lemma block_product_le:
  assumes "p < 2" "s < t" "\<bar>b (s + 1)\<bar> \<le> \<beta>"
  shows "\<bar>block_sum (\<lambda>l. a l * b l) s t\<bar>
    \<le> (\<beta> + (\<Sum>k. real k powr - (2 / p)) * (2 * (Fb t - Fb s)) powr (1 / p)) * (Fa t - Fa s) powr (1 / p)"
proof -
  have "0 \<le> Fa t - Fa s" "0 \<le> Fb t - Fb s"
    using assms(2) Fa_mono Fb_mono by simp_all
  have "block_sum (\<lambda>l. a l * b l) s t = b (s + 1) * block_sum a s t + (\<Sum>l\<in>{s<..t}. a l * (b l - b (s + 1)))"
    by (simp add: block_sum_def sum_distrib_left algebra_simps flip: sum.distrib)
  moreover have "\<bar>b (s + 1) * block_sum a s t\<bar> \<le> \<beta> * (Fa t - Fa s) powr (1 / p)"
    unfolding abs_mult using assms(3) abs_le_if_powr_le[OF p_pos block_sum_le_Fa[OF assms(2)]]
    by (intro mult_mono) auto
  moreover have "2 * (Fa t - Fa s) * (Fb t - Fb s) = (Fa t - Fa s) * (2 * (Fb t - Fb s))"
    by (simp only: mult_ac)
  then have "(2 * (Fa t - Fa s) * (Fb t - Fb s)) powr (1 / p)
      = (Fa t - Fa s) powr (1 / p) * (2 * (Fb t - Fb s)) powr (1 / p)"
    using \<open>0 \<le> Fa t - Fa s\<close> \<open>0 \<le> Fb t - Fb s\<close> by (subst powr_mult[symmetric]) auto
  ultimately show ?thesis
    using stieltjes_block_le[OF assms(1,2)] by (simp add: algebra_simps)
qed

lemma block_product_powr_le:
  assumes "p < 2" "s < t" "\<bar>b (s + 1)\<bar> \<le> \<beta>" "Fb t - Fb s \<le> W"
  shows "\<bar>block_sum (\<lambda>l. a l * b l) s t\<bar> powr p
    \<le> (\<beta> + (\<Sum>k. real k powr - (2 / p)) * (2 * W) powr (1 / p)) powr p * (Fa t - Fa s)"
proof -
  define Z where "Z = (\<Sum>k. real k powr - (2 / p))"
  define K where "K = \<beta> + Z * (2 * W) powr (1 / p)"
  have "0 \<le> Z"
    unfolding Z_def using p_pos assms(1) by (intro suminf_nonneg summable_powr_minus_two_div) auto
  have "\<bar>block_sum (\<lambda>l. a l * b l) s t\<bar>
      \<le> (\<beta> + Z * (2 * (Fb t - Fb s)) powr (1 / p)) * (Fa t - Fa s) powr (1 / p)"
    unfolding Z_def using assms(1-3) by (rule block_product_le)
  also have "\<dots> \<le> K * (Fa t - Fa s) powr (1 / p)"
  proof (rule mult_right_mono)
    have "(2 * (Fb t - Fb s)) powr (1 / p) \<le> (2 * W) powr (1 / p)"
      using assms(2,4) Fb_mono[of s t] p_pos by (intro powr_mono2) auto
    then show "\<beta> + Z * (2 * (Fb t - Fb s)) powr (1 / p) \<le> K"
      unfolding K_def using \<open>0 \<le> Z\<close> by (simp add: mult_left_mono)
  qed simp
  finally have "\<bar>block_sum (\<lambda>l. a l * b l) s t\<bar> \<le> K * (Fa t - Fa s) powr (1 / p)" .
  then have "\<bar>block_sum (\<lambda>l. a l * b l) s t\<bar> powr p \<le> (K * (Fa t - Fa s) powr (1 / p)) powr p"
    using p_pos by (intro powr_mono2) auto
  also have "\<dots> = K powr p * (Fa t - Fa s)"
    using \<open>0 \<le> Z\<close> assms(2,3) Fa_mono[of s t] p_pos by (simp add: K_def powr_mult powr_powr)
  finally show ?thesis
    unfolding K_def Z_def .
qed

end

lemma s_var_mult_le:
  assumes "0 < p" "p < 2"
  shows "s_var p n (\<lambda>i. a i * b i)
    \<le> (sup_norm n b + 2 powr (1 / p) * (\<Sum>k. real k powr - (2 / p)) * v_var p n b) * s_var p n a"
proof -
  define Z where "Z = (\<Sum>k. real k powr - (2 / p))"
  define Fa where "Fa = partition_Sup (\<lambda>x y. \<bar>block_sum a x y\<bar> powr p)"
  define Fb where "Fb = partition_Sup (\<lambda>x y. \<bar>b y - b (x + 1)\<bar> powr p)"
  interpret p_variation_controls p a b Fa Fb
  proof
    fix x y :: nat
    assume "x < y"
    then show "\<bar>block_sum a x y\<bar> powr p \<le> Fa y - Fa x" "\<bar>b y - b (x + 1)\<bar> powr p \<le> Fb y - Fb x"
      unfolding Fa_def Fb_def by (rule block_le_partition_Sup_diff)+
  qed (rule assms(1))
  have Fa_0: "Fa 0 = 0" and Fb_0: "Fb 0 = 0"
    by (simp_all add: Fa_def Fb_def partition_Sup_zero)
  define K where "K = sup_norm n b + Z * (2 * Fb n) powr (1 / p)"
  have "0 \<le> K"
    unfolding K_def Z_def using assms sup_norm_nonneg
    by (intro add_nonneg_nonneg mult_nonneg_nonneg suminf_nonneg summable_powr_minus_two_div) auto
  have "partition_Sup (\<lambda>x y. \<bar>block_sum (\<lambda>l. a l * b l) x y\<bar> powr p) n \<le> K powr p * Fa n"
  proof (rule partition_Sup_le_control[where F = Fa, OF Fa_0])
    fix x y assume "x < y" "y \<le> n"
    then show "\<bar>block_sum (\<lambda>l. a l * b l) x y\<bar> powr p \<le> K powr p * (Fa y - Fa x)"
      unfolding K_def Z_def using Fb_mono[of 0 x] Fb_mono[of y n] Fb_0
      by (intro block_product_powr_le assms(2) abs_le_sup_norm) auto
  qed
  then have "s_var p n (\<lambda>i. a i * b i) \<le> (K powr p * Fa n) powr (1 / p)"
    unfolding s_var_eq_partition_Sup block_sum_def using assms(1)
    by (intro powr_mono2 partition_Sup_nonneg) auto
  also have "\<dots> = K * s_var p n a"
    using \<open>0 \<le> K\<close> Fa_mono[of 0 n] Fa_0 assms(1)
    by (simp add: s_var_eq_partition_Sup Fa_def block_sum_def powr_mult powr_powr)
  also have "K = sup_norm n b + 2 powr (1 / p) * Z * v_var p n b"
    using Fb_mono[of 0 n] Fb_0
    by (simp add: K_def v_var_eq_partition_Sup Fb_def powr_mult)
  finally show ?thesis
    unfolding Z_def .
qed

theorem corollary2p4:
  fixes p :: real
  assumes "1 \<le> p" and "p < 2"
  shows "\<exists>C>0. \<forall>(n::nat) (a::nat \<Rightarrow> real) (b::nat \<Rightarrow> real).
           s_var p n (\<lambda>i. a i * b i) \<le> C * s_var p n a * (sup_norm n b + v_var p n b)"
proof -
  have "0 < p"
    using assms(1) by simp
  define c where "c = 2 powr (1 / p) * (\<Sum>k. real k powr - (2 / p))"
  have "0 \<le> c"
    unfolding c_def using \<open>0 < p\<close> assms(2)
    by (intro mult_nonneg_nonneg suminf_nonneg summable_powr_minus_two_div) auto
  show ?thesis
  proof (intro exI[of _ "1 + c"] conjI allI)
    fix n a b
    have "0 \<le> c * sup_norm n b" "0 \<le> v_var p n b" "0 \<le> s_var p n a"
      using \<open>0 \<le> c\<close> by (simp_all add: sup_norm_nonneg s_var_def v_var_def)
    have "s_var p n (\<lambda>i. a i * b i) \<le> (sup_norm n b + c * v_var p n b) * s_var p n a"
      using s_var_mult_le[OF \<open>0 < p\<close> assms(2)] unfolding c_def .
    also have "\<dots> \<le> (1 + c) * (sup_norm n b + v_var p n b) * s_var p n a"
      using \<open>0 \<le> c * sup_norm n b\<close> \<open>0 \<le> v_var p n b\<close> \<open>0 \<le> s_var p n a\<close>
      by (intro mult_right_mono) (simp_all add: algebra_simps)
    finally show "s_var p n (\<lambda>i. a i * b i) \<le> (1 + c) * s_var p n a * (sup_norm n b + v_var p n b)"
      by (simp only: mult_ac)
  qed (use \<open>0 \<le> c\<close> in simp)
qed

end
______________________________
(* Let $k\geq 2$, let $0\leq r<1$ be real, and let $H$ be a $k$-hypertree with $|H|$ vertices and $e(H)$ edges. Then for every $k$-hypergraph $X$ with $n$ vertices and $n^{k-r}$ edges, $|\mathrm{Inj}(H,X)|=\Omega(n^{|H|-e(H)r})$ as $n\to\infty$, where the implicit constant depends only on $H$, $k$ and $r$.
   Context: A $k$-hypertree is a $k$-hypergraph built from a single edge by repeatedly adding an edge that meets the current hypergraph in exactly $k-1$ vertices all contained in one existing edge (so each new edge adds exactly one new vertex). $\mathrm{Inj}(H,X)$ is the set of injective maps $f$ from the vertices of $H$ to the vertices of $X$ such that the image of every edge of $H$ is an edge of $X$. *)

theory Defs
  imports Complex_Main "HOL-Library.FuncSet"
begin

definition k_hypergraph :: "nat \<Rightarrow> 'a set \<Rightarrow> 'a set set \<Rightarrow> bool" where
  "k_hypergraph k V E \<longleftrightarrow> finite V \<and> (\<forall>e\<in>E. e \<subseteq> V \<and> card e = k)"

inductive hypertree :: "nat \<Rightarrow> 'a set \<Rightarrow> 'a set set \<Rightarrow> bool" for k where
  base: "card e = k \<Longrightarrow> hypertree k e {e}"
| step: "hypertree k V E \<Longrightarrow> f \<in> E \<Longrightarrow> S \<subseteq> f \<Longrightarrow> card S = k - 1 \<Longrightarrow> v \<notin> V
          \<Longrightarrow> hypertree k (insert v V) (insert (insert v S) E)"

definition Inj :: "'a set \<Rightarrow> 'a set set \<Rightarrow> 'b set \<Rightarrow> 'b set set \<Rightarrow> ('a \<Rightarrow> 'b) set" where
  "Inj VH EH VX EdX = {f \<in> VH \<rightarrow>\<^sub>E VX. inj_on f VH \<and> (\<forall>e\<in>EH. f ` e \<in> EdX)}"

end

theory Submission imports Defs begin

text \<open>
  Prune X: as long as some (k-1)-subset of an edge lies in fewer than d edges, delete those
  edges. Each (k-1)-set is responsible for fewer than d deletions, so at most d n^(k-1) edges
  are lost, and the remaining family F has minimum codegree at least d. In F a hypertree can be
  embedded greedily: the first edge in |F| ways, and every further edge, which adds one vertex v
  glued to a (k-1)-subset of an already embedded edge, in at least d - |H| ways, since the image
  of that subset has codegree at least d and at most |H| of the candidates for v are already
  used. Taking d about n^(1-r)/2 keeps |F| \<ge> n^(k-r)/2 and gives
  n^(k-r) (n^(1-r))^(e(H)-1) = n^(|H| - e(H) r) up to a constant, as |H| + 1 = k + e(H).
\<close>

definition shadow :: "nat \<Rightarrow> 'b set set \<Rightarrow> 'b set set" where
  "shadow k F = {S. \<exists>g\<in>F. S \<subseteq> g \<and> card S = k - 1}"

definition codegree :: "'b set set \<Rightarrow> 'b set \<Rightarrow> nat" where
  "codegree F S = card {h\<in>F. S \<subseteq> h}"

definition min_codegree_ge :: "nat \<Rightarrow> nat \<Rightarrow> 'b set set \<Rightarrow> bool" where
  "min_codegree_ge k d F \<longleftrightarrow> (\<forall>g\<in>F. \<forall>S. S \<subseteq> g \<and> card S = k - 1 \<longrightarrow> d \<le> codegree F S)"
______________________________
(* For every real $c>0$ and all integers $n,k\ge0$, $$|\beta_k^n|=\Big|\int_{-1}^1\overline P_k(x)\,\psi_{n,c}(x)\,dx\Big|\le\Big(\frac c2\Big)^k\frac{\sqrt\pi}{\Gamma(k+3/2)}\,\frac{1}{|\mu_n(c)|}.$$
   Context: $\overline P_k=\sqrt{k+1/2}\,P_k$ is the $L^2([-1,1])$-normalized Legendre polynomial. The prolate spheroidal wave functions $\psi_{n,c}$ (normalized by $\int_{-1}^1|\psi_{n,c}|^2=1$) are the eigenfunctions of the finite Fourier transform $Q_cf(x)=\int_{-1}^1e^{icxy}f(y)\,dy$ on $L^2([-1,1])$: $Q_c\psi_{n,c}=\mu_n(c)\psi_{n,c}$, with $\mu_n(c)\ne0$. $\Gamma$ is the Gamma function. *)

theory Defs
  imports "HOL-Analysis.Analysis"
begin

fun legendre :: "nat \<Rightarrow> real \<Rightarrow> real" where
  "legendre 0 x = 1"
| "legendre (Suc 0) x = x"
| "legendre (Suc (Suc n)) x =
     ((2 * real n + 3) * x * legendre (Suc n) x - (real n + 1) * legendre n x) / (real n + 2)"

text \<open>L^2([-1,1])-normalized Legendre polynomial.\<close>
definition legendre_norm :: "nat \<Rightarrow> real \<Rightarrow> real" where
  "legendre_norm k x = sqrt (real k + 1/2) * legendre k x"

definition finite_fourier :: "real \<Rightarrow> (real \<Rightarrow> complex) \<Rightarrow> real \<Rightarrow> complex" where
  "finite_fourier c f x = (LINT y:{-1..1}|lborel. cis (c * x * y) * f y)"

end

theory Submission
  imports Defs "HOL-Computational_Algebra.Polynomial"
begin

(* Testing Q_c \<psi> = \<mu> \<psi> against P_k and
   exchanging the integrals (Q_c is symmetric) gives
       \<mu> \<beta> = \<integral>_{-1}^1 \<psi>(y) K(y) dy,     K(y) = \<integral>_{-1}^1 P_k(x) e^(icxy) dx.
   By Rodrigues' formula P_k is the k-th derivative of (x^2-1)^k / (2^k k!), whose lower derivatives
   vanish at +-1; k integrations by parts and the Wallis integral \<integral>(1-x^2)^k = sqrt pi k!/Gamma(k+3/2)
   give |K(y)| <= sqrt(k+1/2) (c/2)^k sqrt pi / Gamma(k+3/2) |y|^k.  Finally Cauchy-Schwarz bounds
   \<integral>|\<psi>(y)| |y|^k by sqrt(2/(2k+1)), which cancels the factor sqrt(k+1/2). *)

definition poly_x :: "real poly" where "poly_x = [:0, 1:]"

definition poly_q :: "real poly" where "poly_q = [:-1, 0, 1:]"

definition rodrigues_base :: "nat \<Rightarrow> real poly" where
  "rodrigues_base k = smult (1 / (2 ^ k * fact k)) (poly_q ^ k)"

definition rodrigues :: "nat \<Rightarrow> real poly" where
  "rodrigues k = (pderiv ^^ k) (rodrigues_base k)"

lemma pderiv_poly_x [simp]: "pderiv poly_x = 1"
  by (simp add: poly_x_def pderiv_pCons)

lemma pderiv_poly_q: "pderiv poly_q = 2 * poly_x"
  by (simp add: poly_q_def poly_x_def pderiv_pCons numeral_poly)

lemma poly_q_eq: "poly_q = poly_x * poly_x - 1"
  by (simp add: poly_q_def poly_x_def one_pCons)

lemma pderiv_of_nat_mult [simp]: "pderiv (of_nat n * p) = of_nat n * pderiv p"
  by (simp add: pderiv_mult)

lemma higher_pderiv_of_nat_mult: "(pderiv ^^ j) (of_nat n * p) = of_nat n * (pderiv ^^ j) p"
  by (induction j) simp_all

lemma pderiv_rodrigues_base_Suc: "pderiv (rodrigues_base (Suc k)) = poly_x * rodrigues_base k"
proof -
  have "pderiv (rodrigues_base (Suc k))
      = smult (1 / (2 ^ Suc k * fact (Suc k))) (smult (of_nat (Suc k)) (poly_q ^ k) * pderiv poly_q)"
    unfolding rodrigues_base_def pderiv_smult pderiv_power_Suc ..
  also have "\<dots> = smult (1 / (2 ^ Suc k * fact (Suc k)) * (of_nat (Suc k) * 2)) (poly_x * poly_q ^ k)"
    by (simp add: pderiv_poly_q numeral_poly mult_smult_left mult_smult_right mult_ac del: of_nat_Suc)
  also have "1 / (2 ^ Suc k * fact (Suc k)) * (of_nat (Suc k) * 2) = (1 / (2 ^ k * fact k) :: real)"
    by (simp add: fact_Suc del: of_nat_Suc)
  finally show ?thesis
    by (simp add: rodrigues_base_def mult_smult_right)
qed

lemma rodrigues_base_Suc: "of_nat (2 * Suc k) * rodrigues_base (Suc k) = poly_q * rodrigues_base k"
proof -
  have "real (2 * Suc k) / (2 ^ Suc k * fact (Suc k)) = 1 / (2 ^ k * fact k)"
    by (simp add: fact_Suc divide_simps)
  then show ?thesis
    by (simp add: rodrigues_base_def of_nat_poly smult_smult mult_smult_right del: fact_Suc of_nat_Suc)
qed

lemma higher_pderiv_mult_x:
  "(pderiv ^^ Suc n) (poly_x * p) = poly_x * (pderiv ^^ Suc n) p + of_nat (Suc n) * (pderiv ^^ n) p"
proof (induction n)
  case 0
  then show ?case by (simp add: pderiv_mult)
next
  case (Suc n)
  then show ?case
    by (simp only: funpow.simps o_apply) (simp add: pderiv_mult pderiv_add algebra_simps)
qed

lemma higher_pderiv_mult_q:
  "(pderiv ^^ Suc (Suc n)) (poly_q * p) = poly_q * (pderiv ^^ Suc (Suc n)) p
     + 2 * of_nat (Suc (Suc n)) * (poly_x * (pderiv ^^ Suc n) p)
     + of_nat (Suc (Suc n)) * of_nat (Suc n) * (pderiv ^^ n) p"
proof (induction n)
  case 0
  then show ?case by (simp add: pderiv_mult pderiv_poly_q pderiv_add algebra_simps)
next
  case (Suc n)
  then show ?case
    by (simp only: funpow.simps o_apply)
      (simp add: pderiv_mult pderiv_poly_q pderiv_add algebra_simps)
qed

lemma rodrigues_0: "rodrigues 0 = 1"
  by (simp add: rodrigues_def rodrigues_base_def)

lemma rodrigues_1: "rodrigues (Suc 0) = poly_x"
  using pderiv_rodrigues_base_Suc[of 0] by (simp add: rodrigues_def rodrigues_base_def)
______________________________
**Exercise prompt**
Where does the word "Defs" show up in the material? Copy out each line that has it.

**Solved problem**
theory Defs
theory Submission imports Defs begin
theory Defs
  imports Defs "HOL-Computational_Algebra.Polynomial"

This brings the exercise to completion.